1. The internal function get.data() will do a lot of stuff. Then the data is a list with this structure:
   List of 16
 $ data    :'data.frame':       20 obs. of  6 variables:
  ..$ subject  : Factor w/ 5 levels "1","2","3","4",..: 1 1 1 1 2 2 2 2 3 3 ...
  ..$ period   : Factor w/ 4 levels "1","2","3","4": 1 2 3 4 1 2 3 4 1 2 ...
  ..$ sequence : Factor w/ 2 levels "RTTR","TRRT": 1 1 1 1 2 2 2 2 1 1 ...
  ..$ treatment: Factor w/ 2 levels "R","T": 1 2 2 1 2 1 1 2 1 2 ...
  ..$ PK       : num [1:20] 23018 26945 27755 23902 7715 ...
  ..$ logPK    : num [1:20] 4.36 4.43 4.44 4.38 3.89 ...
 $ ref     :'data.frame':       10 obs. of  6 variables:
  ..$ subject  : Factor w/ 5 levels "1","2","3","4",..: 1 1 2 2 3 3 4 4 5 5
  ..$ period   : Factor w/ 4 levels "1","2","3","4": 1 4 2 3 1 4 1 4 1 4
  ..$ sequence : Factor w/ 2 levels "RTTR","TRRT": 1 1 2 2 1 1 1 1 1 1
  ..$ treatment: Factor w/ 2 levels "R","T": 1 1 1 1 1 1 1 1 1 1
  ..$ PK       : num [1:10] 23018 23902 21282 13604 8982 ...
  ..$ logPK    : num [1:10] 4.36 4.38 4.33 4.13 3.95 ...
 $ RR      :'data.frame':       10 obs. of  6 variables:
  ..$ subject  : Factor w/ 5 levels "1","2","3","4",..: 1 1 2 2 3 3 4 4 5 5
  ..$ period   : Factor w/ 4 levels "1","2","3","4": 1 4 2 3 1 4 1 4 1 4
  ..$ sequence : Factor w/ 2 levels "RTTR","TRRT": 1 1 2 2 1 1 1 1 1 1
  ..$ treatment: Factor w/ 2 levels "R","T": 1 1 1 1 1 1 1 1 1 1
  ..$ PK       : num [1:10] 23018 23902 21282 13604 8982 ...
  ..$ logPK    : num [1:10] 4.36 4.38 4.33 4.13 3.95 ...
 $ test    :'data.frame':       10 obs. of  6 variables:
  ..$ subject  : Factor w/ 5 levels "1","2","3","4",..: 1 1 2 2 3 3 4 4 5 5
  ..$ period   : Factor w/ 4 levels "1","2","3","4": 2 3 1 4 2 3 2 3 2 3
  ..$ sequence : Factor w/ 2 levels "RTTR","TRRT": 1 1 2 2 1 1 1 1 1 1
  ..$ treatment: Factor w/ 2 levels "R","T": 2 2 2 2 2 2 2 2 2 2
  ..$ PK       : num [1:10] 26945 27755 7715 11701 21978 ...
  ..$ logPK    : num [1:10] 4.43 4.44 3.89 4.07 4.34 ...
 $ type    : chr "TRRT|RTTR"
 $ n       : int 5
 $ nTT     : int 5
 $ nRR     : int 5
 $ design  : chr "full"
 $ txt     : chr "\nAnalysis performed on column ‘PK’ (data internally log-transformed)\nSequences (design) : TRRT|RTTR (4-period"| __truncated__
 $ Sub.Seq : 'table' int [1:2(1d)] 1 4
  ..- attr(*, "dimnames")=List of 1
  .. ..$ : chr [1:2] "TRRT" "RTTR"
 $ Miss.seq: Named num [1:2] 0 0
  ..- attr(*, "names")= chr [1:2] "TRRT" "RTTR"
 $ Miss.per: num [1:4] 0 0 0 0
 $ logtrans: logi TRUE
 $ res.file: logi NA
 $ png.path: logi NA
   
   This explains
   

   ❝ Error in if (!act %in% ref) { : argument is of length zero
   

   In cobo you have only the data frame data (not factorized; see above) but the others are missing.

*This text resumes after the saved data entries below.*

(* Let $k\geq 2$ be an integer, let $c_0>0$ be a sufficiently large constant, and suppose that $c_0k^2/n\leq p\leq 1/2$. Then with probability $1-o(1)$ as $n\to\infty$, $$\mathrm{SDP}_k(G(n,p))\geq\Big(1-\frac1k\Big)\binom n2 p+c_1n^{3/2}p^{1/2}$$ for some constant $c_1>0$.
   Context: $G(n,p)$ is the random graph on $V=\{1,\dots,n\}$ with each possible edge present independently with probability $p$. For a graph $G$ with adjacency matrix $A=(a_{ij})$, the Frieze–Jerrum semidefinite relaxation of MAX $k$-CUT is $$\mathrm{SDP}_k(G)=\max\sum_{i<j}a_{ij}\frac{k-1}{k}\big(1-\langle v_i,v_j\rangle\big)$$ over all $v_1,\dots,v_n\in\mathbb R^n$ with $\|v_i\|=1$ for all $i$ and $\langle v_i,v_j\rangle\geq-\frac{1}{k-1}$ for all $i,j$. *)

theory Defs
  imports "HOL-Probability.Probability"
begin

definition pairs :: "nat \<Rightarrow> (nat \<times> nat) set" where
  "pairs n = {(i, j). 1 \<le> i \<and> i < j \<and> j \<le> n}"

lemma finite_pairs: "finite (pairs n)"
  by (rule finite_subset[of _ "{1..n} \<times> {1..n}"]) (auto simp: pairs_def)

text \<open>A graph on {1..n} is represented by its adjacency indicator on pairs i<j
  (value False outside pairs n). G(n,p): each pair independently present with prob. p.\<close>
definition gnp :: "nat \<Rightarrow> real \<Rightarrow> (nat \<times> nat \<Rightarrow> bool) pmf" where
  "gnp n p = Pi_pmf (pairs n) False (\<lambda>_. bernoulli_pmf p)"

definition inner_n :: "nat \<Rightarrow> (nat \<Rightarrow> real) \<Rightarrow> (nat \<Rightarrow> real) \<Rightarrow> real" where
  "inner_n n x y = (\<Sum>t\<in>{1..n}. x t * y t)"

definition fj_feasible :: "nat \<Rightarrow> nat \<Rightarrow> (nat \<Rightarrow> nat \<Rightarrow> real) \<Rightarrow> bool" where
  "fj_feasible n k v \<longleftrightarrow>
     (\<forall>i\<in>{1..n}. inner_n n (v i) (v i) = 1) \<and>
     (\<forall>i\<in>{1..n}. \<forall>j\<in>{1..n}. inner_n n (v i) (v j) \<ge> - 1 / (real k - 1))"

definition fj_objective :: "nat \<Rightarrow> nat \<Rightarrow> (nat \<times> nat \<Rightarrow> bool) \<Rightarrow> (nat \<Rightarrow> nat \<Rightarrow> real) \<Rightarrow> real" where
  "fj_objective n k G v =
     (\<Sum>(i, j)\<in>pairs n. (if G (i, j) then 1 else 0) * ((real k - 1) / real k) * (1 - inner_n n (v i) (v j)))"

text \<open>SDP_k(G): the optimum (supremum, attained by compactness) of the relaxation.\<close>
definition SDP :: "nat \<Rightarrow> nat \<Rightarrow> (nat \<times> nat \<Rightarrow> bool) \<Rightarrow> real" where
  "SDP n k G = Sup (fj_objective n k G ` {v. fj_feasible n k v})"

end

theory Submission
  imports Defs "HOL-Real_Asymp.Real_Asymp"
begin

text \<open>
  Split the vertices into a first half L and a second half R. Every vertex of R gets its own
  basis vector; a vertex i of L gets a unit vector alpha_i e_i - phi_i sum_(t in R) (a_it - p) e_t
  with phi_i about (np)^(-1/2). An edge between i in L and t in R then has inner product
  -phi_i (1 - p), so these edges add about (np)^(-1/2) times the number of L-R edges, i.e. order
  n^(3/2) p^(1/2), to the trivial value (1 - 1/k) e(G). The edges inside L pay a penalty which
  splits into a fluctuation (small by Chebyshev) and p times a sum of inner products, bounded by
  the squared column sums sum_i phi_i (a_it - p), whose second moments are O(1) because phi_i
  depends on the edge it only through a unit change of the degree. The constraints
  <v_i, v_j> >= -1/(k-1) hold deterministically for small p and otherwise with high probability
  by Hoeffding bounds on degrees and codegrees; Chebyshev controls the number of edges and the
  truncated degrees.
\<close>

section \<open>Independence in products of Bernoulli measures\<close>

definition depends_only_on :: "(('a \<Rightarrow> bool) \<Rightarrow> real) \<Rightarrow> 'a set \<Rightarrow> bool" where
  "depends_only_on F A \<longleftrightarrow> (\<forall>x y. (\<forall>e\<in>A. x e = y e) \<longrightarrow> F x = F y)"

lemma depends_only_on_const [simp]: "depends_only_on (\<lambda>_. c) A"
  by (simp add: depends_only_on_def)

lemma depends_only_on_coord: "e \<in> A \<Longrightarrow> depends_only_on (\<lambda>x. f (x e)) A"
  by (simp add: depends_only_on_def)

lemma depends_only_on_mono: "depends_only_on F A \<Longrightarrow> A \<subseteq> B \<Longrightarrow> depends_only_on F B"
  by (auto simp: depends_only_on_def)

lemma depends_only_on_mult:
  "depends_only_on F A \<Longrightarrow> depends_only_on G A \<Longrightarrow> depends_only_on (\<lambda>x. F x * G x) A"
  unfolding depends_only_on_def by metis

lemma depends_only_on_comp: "depends_only_on F A \<Longrightarrow> depends_only_on (\<lambda>x. f (F x)) A"
  unfolding depends_only_on_def by metis

lemma finite_set_pmf_Pi_pmf:
  fixes d :: "'b::finite"
  assumes "finite S"
  shows "finite (set_pmf (Pi_pmf S d P))"
proof -
  have "set_pmf (Pi_pmf S d P) \<subseteq> PiE_dflt S d (\<lambda>_. UNIV)"
    using set_Pi_pmf_subset[OF assms, of d P] by (auto simp: PiE_dflt_def)
  moreover have "finite (PiE_dflt S d (\<lambda>_. UNIV))"
    using assms by (intro finite_PiE_dflt) auto
  ultimately show ?thesis by (rule finite_subset)
qed

lemma expectation_pair_pmf_mult:
  fixes F :: "'a \<Rightarrow> real" and G :: "'b \<Rightarrow> real"
  assumes "finite (set_pmf M)" "finite (set_pmf N)"
  shows "measure_pmf.expectation (pair_pmf M N) (\<lambda>z. F (fst z) * G (snd z)) =
         measure_pmf.expectation M F * measure_pmf.expectation N G"
proof -
  have "measure_pmf.expectation (pair_pmf M N) (\<lambda>z. F (fst z) * G (snd z)) =
        (\<Sum>z\<in>set_pmf M \<times> set_pmf N. F (fst z) * G (snd z) * pmf (pair_pmf M N) z)"
    using assms by (intro integral_measure_pmf_real) auto
  also have "\<dots> = (\<Sum>(a, b)\<in>set_pmf M \<times> set_pmf N. (F a * pmf M a) * (G b * pmf N b))"
    by (intro sum.cong) (auto simp: pmf_pair)
  also have "\<dots> = (\<Sum>a\<in>set_pmf M. \<Sum>b\<in>set_pmf N. (F a * pmf M a) * (G b * pmf N b))"
    by (simp add: sum.cartesian_product)
  also have "\<dots> = (\<Sum>a\<in>set_pmf M. F a * pmf M a) * (\<Sum>b\<in>set_pmf N. G b * pmf N b)"
    by (simp add: sum_product)
  also have "\<dots> = measure_pmf.expectation M F * measure_pmf.expectation N G"
    using assms by (simp add: integral_measure_pmf_real)
  finally show ?thesis .
qed

lemma expectation_Pi_pmf_split:
  fixes F G :: "('a \<Rightarrow> bool) \<Rightarrow> real"
  assumes S: "finite S" and A: "A \<subseteq> S" and B: "B \<subseteq> S - A"
    and F: "depends_only_on F A" and G: "depends_only_on G B"
  shows "measure_pmf.expectation (Pi_pmf S False P) (\<lambda>x. F x * G x) =
         measure_pmf.expectation (Pi_pmf A False P) F *
         measure_pmf.expectation (Pi_pmf (S - A) False P) G"
proof -
  have fin: "finite A" "finite (S - A)" using S A finite_subset by auto
  define merge where "merge = (\<lambda>(f::'a \<Rightarrow> bool, g) x. if x \<in> A then f x else g x)"
  have split_S: "S = A \<union> (S - A)" using A by auto
  have "Pi_pmf S False P = map_pmf merge (pair_pmf (Pi_pmf A False P) (Pi_pmf (S - A) False P))"
    unfolding merge_def by (subst split_S, subst Pi_pmf_union) (use fin in auto)
  hence "measure_pmf.expectation (Pi_pmf S False P) (\<lambda>x. F x * G x) =
         measure_pmf.expectation (pair_pmf (Pi_pmf A False P) (Pi_pmf (S - A) False P))
           (\<lambda>z. F (merge z) * G (merge z))"
    by simp
  also have "\<dots> = measure_pmf.expectation (pair_pmf (Pi_pmf A False P) (Pi_pmf (S - A) False P))
                    (\<lambda>z. F (fst z) * G (snd z))"
  proof (intro Bochner_Integration.integral_cong refl)
    fix z :: "('a \<Rightarrow> bool) \<times> ('a \<Rightarrow> bool)"
    have "F (merge z) = F (fst z)"
      using F unfolding depends_only_on_def merge_def by (cases z) auto
    moreover have "\<forall>e\<in>B. merge z e = snd z e" using B unfolding merge_def by (cases z) auto
    hence "G (merge z) = G (snd z)" using G unfolding depends_only_on_def by blast
    ultimately show "F (merge z) * G (merge z) = F (fst z) * G (snd z)" by simp
  qed
  also have "\<dots> = measure_pmf.expectation (Pi_pmf A False P) F *
                  measure_pmf.expectation (Pi_pmf (S - A) False P) G"
    using fin by (intro expectation_pair_pmf_mult finite_set_pmf_Pi_pmf)
  finally show ?thesis .
qed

The error is caused by the missing data frame ref containing only the data of the reference.
   
   
2. You are the first one to ask for it (the packages had 22,000 downloads so far). If you explain why you need it, I will consider to add it to the next release.